--- Work task ---
Find the lines below holding the word "ideals" and copy each of them.
======== Task data ========
(* Let $\mathfrak S$ be a commutative Noetherian semiring. Then for every set $\sigma_{\mathfrak S}$ of ideals of $\mathfrak S$, the space $\sigma_{\mathfrak S}$ with the ideal topology is quasi-compact.
   Context: A semiring $(\mathfrak S,+,0,\cdot,1)$ has $(\mathfrak S,+,0)$ a commutative monoid, $(\mathfrak S,\cdot,1)$ a monoid, $0r=r0=0$, and two-sided distributivity; all semirings are commutative. An ideal is a nonempty proper subset closed under addition and under multiplication by elements of $\mathfrak S$. Noetherian means every ideal is finitely generated (equivalently ascending chain condition on ideals). For an ideal $\mathfrak a$, $\mathfrak a^{\uparrow}=\{\mathfrak x\in\sigma_{\mathfrak S}\mid\mathfrak a\subseteq\mathfrak x\}$; the ideal topology on $\sigma_{\mathfrak S}$ has the sets $\mathfrak a^{\uparrow}$ ($\mathfrak a$ any ideal) as a subbasis of closed sets. Quasi-compact means every open cover has a finite subcover. *)

theory Defs
  imports "HOL-Analysis.Analysis"
begin

text \<open>Commutative semirings with 0 and 1 (0 absorbing), without requiring 0 \<noteq> 1:
  the class constraint {comm_semiring_0, comm_monoid_mult} is used below.\<close>

definition semiring_ideal :: "'a::{comm_semiring_0,comm_monoid_mult} set \<Rightarrow> bool" where
  "semiring_ideal I \<longleftrightarrow> I \<noteq> {} \<and> I \<noteq> UNIV
     \<and> (\<forall>x\<in>I. \<forall>y\<in>I. x + y \<in> I) \<and> (\<forall>r. \<forall>x\<in>I. r * x \<in> I)"

definition ideal_span :: "'a::{comm_semiring_0,comm_monoid_mult} set \<Rightarrow> 'a set" where
  "ideal_span F = {y. \<exists>G r. finite G \<and> G \<subseteq> F \<and> y = (\<Sum>a\<in>G. r a * a)}"

definition finitely_generated_ideal :: "'a::{comm_semiring_0,comm_monoid_mult} set \<Rightarrow> bool" where
  "finitely_generated_ideal I \<longleftrightarrow> (\<exists>F. finite F \<and> F \<subseteq> I \<and> I = ideal_span F)"

definition noetherian_semiring :: "'a::{comm_semiring_0,comm_monoid_mult} itself \<Rightarrow> bool" where
  "noetherian_semiring TYPE('a) \<longleftrightarrow>
     (\<forall>I::'a set. semiring_ideal I \<longrightarrow> finitely_generated_ideal I)"

definition up_set :: "'a set set \<Rightarrow> 'a set \<Rightarrow> 'a set set" where
  "up_set \<sigma> a = {x \<in> \<sigma>. a \<subseteq> x}"

text \<open>Ideal topology on sigma: closed subbasis {a\<up> | a ideal}; so the open subbasis
  consists of complements in sigma (together with sigma itself, which is always open).\<close>
definition ideal_topology :: "'a::{comm_semiring_0,comm_monoid_mult} set set \<Rightarrow> 'a set topology" where
  "ideal_topology \<sigma> = topology_generated_by
     (insert \<sigma> {\<sigma> - up_set \<sigma> a | a. semiring_ideal a})"

end

theory Submission
  imports Defs
begin

text \<open>By the Alexander subbase lemma it suffices to find finite subcovers of covers of \<open>\<sigma>\<close> by
  subbasic open sets \<open>\<sigma> - a\<up>\<close>. Such a cover means that no ideal in \<open>\<sigma>\<close> contains the union \<open>U\<close> of the sets \<open>a\<close>
  involved. Noetherianity provides a finite \<open>G \<subseteq> U\<close> generating everything \<open>U\<close> generates, and
  \<open>G\<close> already lies in the union of finitely many of the \<open>a\<close>; an ideal of \<open>\<sigma>\<close> containing these
  finitely many \<open>a\<close> would contain \<open>U\<close>.\<close>

lemma semiring_ideal_zero:
  assumes "semiring_ideal I"
  shows "0 \<in> I"
proof -
  from assms obtain y where "y \<in> I"
    unfolding semiring_ideal_def by blast
  then have "0 * y \<in> I"
    using assms unfolding semiring_ideal_def by blast
  then show ?thesis by simp
qed

lemma ideal_span_least:
  fixes I :: "'a::{comm_semiring_0,comm_monoid_mult} set"
  assumes zero: "0 \<in> I"
    and add: "\<And>x y. x \<in> I \<Longrightarrow> y \<in> I \<Longrightarrow> x + y \<in> I"
    and mult: "\<And>r x. x \<in> I \<Longrightarrow> r * x \<in> I"
    and "G \<subseteq> I"
  shows "ideal_span G \<subseteq> I"
proof
  fix y assume "y \<in> ideal_span G"
  then obtain H r where H: "finite H" "H \<subseteq> G" and y: "y = (\<Sum>a\<in>H. r a * a)"
    unfolding ideal_span_def by blast
  have "(\<Sum>a\<in>H. r a * a) \<in> I"
    using H
  proof (induction H rule: finite_induct)
    case empty
    then show ?case using zero by simp
  next
    case (insert h H)
    then have "h \<in> I" using \<open>G \<subseteq> I\<close> by blast
    then show ?case using insert by (simp add: add mult)
  qed
  then show "y \<in> I" using y by simp
qed

lemma ideal_span_subset_ideal:
  assumes "semiring_ideal I" "G \<subseteq> I"
  shows "ideal_span G \<subseteq> I"
  using assms semiring_ideal_zero[OF assms(1)]
  by (intro ideal_span_least) (auto simp: semiring_ideal_def)

lemma ideal_span_mono:
  "F \<subseteq> G \<Longrightarrow> ideal_span F \<subseteq> ideal_span G"
  unfolding ideal_span_def by blast

lemma subset_ideal_span:
  fixes U :: "'a::{comm_semiring_0,comm_monoid_mult} set"
  shows "U \<subseteq> ideal_span U"
proof
  fix a assume "a \<in> U"
  then show "a \<in> ideal_span U"
    unfolding ideal_span_def by (intro CollectI exI[of _ "{a}"] exI[of _ "\<lambda>_. 1"]) simp
qed

lemma zero_in_ideal_span: "0 \<in> ideal_span U"
  unfolding ideal_span_def by (intro CollectI exI[of _ "{}"]) simp

lemma ideal_span_add:
  fixes U :: "'a::{comm_semiring_0,comm_monoid_mult} set"
  assumes "y \<in> ideal_span U" "z \<in> ideal_span U"
  shows "y + z \<in> ideal_span U"
proof -
  obtain G r where G: "finite G" "G \<subseteq> U" and y: "y = (\<Sum>a\<in>G. r a * a)"
    using assms(1) unfolding ideal_span_def by blast
  obtain H s where H: "finite H" "H \<subseteq> U" and z: "z = (\<Sum>a\<in>H. s a * a)"
    using assms(2) unfolding ideal_span_def by blast
  define r' where "r' a = (if a \<in> G then r a else 0)" for a
  define s' where "s' a = (if a \<in> H then s a else 0)" for a
  have "y = (\<Sum>a\<in>G \<union> H. r' a * a)"
    unfolding y r'_def by (rule sum.mono_neutral_cong_left) (use G H in auto)
  moreover have "z = (\<Sum>a\<in>G \<union> H. s' a * a)"
    unfolding z s'_def by (rule sum.mono_neutral_cong_left) (use G H in auto)
  ultimately have "y + z = (\<Sum>a\<in>G \<union> H. (r' a + s' a) * a)"
    by (simp add: sum.distrib distrib_right)
  then show ?thesis
    unfolding ideal_span_def
    by (intro CollectI exI[of _ "G \<union> H"] exI[of _ "\<lambda>a. r' a + s' a"]) (use G H in simp)
qed

lemma ideal_span_mult:
  fixes U :: "'a::{comm_semiring_0,comm_monoid_mult} set"
  assumes "y \<in> ideal_span U"
  shows "c * y \<in> ideal_span U"
proof -
  obtain G r where G: "finite G" "G \<subseteq> U" and y: "y = (\<Sum>a\<in>G. r a * a)"
    using assms unfolding ideal_span_def by blast
  then have "c * y = (\<Sum>a\<in>G. (c * r a) * a)"
    by (simp add: sum_distrib_left mult.assoc)
  then show ?thesis
    unfolding ideal_span_def
    by (intro CollectI exI[of _ G] exI[of _ "\<lambda>a. c * r a"]) (use G in simp)
qed

lemma ideal_span_subset_ideal_span:
  fixes F :: "'a::{comm_semiring_0,comm_monoid_mult} set"
  assumes "F \<subseteq> ideal_span G"
  shows "ideal_span F \<subseteq> ideal_span G"
  using assms by (intro ideal_span_least zero_in_ideal_span ideal_span_add ideal_span_mult)

lemma semiring_ideal_ideal_span:
  assumes "ideal_span U \<noteq> UNIV"
  shows "semiring_ideal (ideal_span U)"
  unfolding semiring_ideal_def
  using assms zero_in_ideal_span ideal_span_add ideal_span_mult by blast

lemma ideal_span_one: "ideal_span {1 :: 'a::{comm_semiring_0,comm_monoid_mult}} = UNIV"
proof -
  have "y * 1 \<in> ideal_span {1}" for y :: 'a
    using subset_ideal_span ideal_span_mult by blast
  then show ?thesis by auto
qed

lemma ideal_span_finite_subset:
  assumes "y \<in> ideal_span U"
  obtains G where "finite G" "G \<subseteq> U" "y \<in> ideal_span G"
proof -
  obtain G r where G: "finite G" "G \<subseteq> U" and y: "y = (\<Sum>a\<in>G. r a * a)"
    using assms unfolding ideal_span_def by blast
  have "y \<in> ideal_span G"
    unfolding ideal_span_def by (intro CollectI exI[of _ G] exI[of _ r]) (use G y in simp)
  then show ?thesis using G that by blast
qed

lemma finite_subset_ideal_span:
  assumes "finite F" "F \<subseteq> ideal_span U"
  obtains G where "finite G" "G \<subseteq> U" "F \<subseteq> ideal_span G"
proof -
  have "\<forall>f\<in>F. \<exists>G. finite G \<and> G \<subseteq> U \<and> f \<in> ideal_span G"
    using assms(2) by (metis ideal_span_finite_subset subsetD)
  then obtain Gf where Gf: "\<And>f. f \<in> F \<Longrightarrow> finite (Gf f) \<and> Gf f \<subseteq> U \<and> f \<in> ideal_span (Gf f)"
    by metis
  have "f \<in> ideal_span (\<Union>f\<in>F. Gf f)" if "f \<in> F" for f
    using Gf[OF that] ideal_span_mono[of "Gf f" "\<Union>f\<in>F. Gf f"] that by blast
  moreover have "finite (\<Union>f\<in>F. Gf f)" "(\<Union>f\<in>F. Gf f) \<subseteq> U"
    using Gf assms(1) by auto
  ultimately show ?thesis using that by blast
qed

lemma noetherian_ideal_span_finitely_generated:
  fixes U :: "'a::{comm_semiring_0,comm_monoid_mult} set"
  assumes "noetherian_semiring TYPE('a)"
  obtains F where "finite F" "F \<subseteq> ideal_span U" "ideal_span F = ideal_span U"
proof (cases "ideal_span U = UNIV")
  case True
  then show ?thesis using that[of "{1}"] ideal_span_one by simp
next
  case False
  then have "finitely_generated_ideal (ideal_span U)"
    using assms semiring_ideal_ideal_span unfolding noetherian_semiring_def by blast
  then show ?thesis
    using that unfolding finitely_generated_ideal_def by (metis (no_types))
qed

lemma noetherian_finite_subset_spans:
  fixes U :: "'a::{comm_semiring_0,comm_monoid_mult} set"
  assumes "noetherian_semiring TYPE('a)"
  obtains G where "finite G" "G \<subseteq> U" "U \<subseteq> ideal_span G"
proof -
  obtain F where F: "finite F" "F \<subseteq> ideal_span U" "ideal_span F = ideal_span U"
    using noetherian_ideal_span_finitely_generated[OF assms] .
  obtain G where G: "finite G" "G \<subseteq> U" "F \<subseteq> ideal_span G"
    using finite_subset_ideal_span[OF F(1,2)] .
  have "U \<subseteq> ideal_span F"
    using subset_ideal_span F(3) by blast
  also have "\<dots> \<subseteq> ideal_span G"
    using ideal_span_subset_ideal_span[OF G(3)] .
  finally show ?thesis using that G(1,2) by blast
qed

lemma noetherian_up_set_complements_finite_subcover:
  fixes \<sigma> :: "'a::{comm_semiring_0,comm_monoid_mult} set set"
  assumes "noetherian_semiring TYPE('a)"
    and ideals: "\<forall>x\<in>\<sigma>. semiring_ideal x"
    and cover: "\<sigma> \<subseteq> (\<Union>a\<in>A. \<sigma> - up_set \<sigma> a)"
  obtains A' where "finite A'" "A' \<subseteq> A" "\<sigma> \<subseteq> (\<Union>a\<in>A'. \<sigma> - up_set \<sigma> a)"
proof -
  obtain G where G: "finite G" "G \<subseteq> \<Union>A" "\<Union>A \<subseteq> ideal_span G"
    using noetherian_finite_subset_spans[OF assms(1)] .
  obtain A' where A': "finite A'" "A' \<subseteq> A" "G \<subseteq> \<Union>A'"
    using finite_subset_Union[OF G(1,2)] by blast
  have "x \<in> (\<Union>a\<in>A'. \<sigma> - up_set \<sigma> a)" if x: "x \<in> \<sigma>" for x
  proof (rule ccontr)
    assume "x \<notin> (\<Union>a\<in>A'. \<sigma> - up_set \<sigma> a)"
    then have "\<Union>A' \<subseteq> x"
      using x unfolding up_set_def by auto
    then have "ideal_span G \<subseteq> x"
      using A'(3) ideals x by (intro ideal_span_subset_ideal) auto
    then have "\<forall>a\<in>A. x \<in> up_set \<sigma> a"
      using G(3) x unfolding up_set_def by auto
    then show False
      using cover x by auto
  qed
  then show ?thesis using that A'(1,2) by blast
qed

lemma topology_generated_by_eq_subbase:
  "topology_generated_by S =
     topology (arbitrary union_of (finite intersection_of (\<lambda>x. x \<in> S) relative_to \<Union>S))"
  unfolding generate_topology_on_eq
proof (rule topology_bases_eq)
  fix U x
  assume "(finite' intersection_of (\<lambda>x. x \<in> S)) U" "x \<in> U"
  then obtain F where F: "finite F" "F \<noteq> {}" "F \<subseteq> S" "U = \<Inter>F"
    unfolding intersection_of_def by auto
  then have "U \<subseteq> \<Union>S" by blast
  then have "(finite intersection_of (\<lambda>x. x \<in> S) relative_to \<Union>S) U"
    unfolding relative_to_def intersection_of_def using F
    by (intro exI[of _ "\<Inter>F"] conjI exI[of _ F]) auto
  then show "\<exists>V. (finite intersection_of (\<lambda>x. x \<in> S) relative_to \<Union>S) V \<and> x \<in> V \<and> V \<subseteq> U"
    using \<open>x \<in> U\<close> by blast
next
  fix V x
  assume "(finite intersection_of (\<lambda>x. x \<in> S) relative_to \<Union>S) V" "x \<in> V"
  then obtain F where F: "finite F" "F \<subseteq> S" "V = \<Union>S \<inter> \<Inter>F"
    unfolding relative_to_def intersection_of_def by auto
  show "\<exists>U. (finite' intersection_of (\<lambda>x. x \<in> S)) U \<and> x \<in> U \<and> U \<subseteq> V"
  proof (cases "F = {}")
    case True
    then obtain s where s: "s \<in> S" "x \<in> s"
      using F(3) \<open>x \<in> V\<close> by blast
    have "(finite' intersection_of (\<lambda>x. x \<in> S)) s"
      using s(1) by (simp add: finite'_intersection_of_inc)
    moreover have "s \<subseteq> V"
      using F(3) True s(1) by blast
    ultimately show ?thesis using s(2) by blast
  next
    case False
    then have "V = \<Inter>F" using F(2,3) by blast
    then have "(finite' intersection_of (\<lambda>x. x \<in> S)) V"
      using F False unfolding intersection_of_def by blast
    then show ?thesis
      using \<open>x \<in> V\<close> by blast
  qed
qed
theorem theorem3p7:
  fixes \<sigma> :: "'a::{comm_semiring_0,comm_monoid_mult} set set"
  assumes "noetherian_semiring TYPE('a)"
    and "\<forall>x\<in>\<sigma>. semiring_ideal x"
  shows "compact_space (ideal_topology \<sigma>)"
proof -
  let ?B = "insert \<sigma> {\<sigma> - up_set \<sigma> a | a. semiring_ideal a}"
  have top: "topspace (ideal_topology \<sigma>) = \<sigma>"
    unfolding ideal_topology_def by auto
  show ?thesis
  proof (rule Alexander_subbase)
    show "topology (arbitrary union_of (finite intersection_of (\<lambda>x. x \<in> ?B) relative_to \<Union>?B))
        = ideal_topology \<sigma>"
      unfolding ideal_topology_def topology_generated_by_eq_subbase ..
  next
    fix C assume C: "C \<subseteq> ?B" "\<Union>C = topspace (ideal_topology \<sigma>)"
    show "\<exists>C'. finite C' \<and> C' \<subseteq> C \<and> \<Union>C' = topspace (ideal_topology \<sigma>)"
    proof (cases "\<sigma> \<in> C")
      case True
      then show ?thesis using top by (intro exI[of _ "{\<sigma>}"]) auto
    next
      case False
      define A where "A = {a. \<sigma> - up_set \<sigma> a \<in> C}"
      have C_eq: "C = (\<lambda>a. \<sigma> - up_set \<sigma> a) ` A"
        using C(1) False unfolding A_def by auto
      then obtain A' where "finite A'" "A' \<subseteq> A" "\<sigma> \<subseteq> (\<Union>a\<in>A'. \<sigma> - up_set \<sigma> a)"
        using noetherian_up_set_complements_finite_subcover[OF assms, of A] C(2) top by auto
      then show ?thesis
        using C_eq top by (intro exI[of _ "(\<lambda>a. \<sigma> - up_set \<sigma> a) ` A'"]) auto
    qed
  qed
qed

end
========
--- Reply to the exercise ---
(* Let $\mathfrak S$ be a commutative Noetherian semiring. Then for every set $\sigma_{\mathfrak S}$ of ideals of $\mathfrak S$, the space $\sigma_{\mathfrak S}$ with the ideal topology is quasi-compact.
   Context: A semiring $(\mathfrak S,+,0,\cdot,1)$ has $(\mathfrak S,+,0)$ a commutative monoid, $(\mathfrak S,\cdot,1)$ a monoid, $0r=r0=0$, and two-sided distributivity; all semirings are commutative. An ideal is a nonempty proper subset closed under addition and under multiplication by elements of $\mathfrak S$. Noetherian means every ideal is finitely generated (equivalently ascending chain condition on ideals). For an ideal $\mathfrak a$, $\mathfrak a^{\uparrow}=\{\mathfrak x\in\sigma_{\mathfrak S}\mid\mathfrak a\subseteq\mathfrak x\}$; the ideal topology on $\sigma_{\mathfrak S}$ has the sets $\mathfrak a^{\uparrow}$ ($\mathfrak a$ any ideal) as a subbasis of closed sets. Quasi-compact means every open cover has a finite subcover. *)
    and ideals: "\<forall>x\<in>\<sigma>. semiring_ideal x"
      using A'(3) ideals x by (intro ideal_span_subset_ideal) auto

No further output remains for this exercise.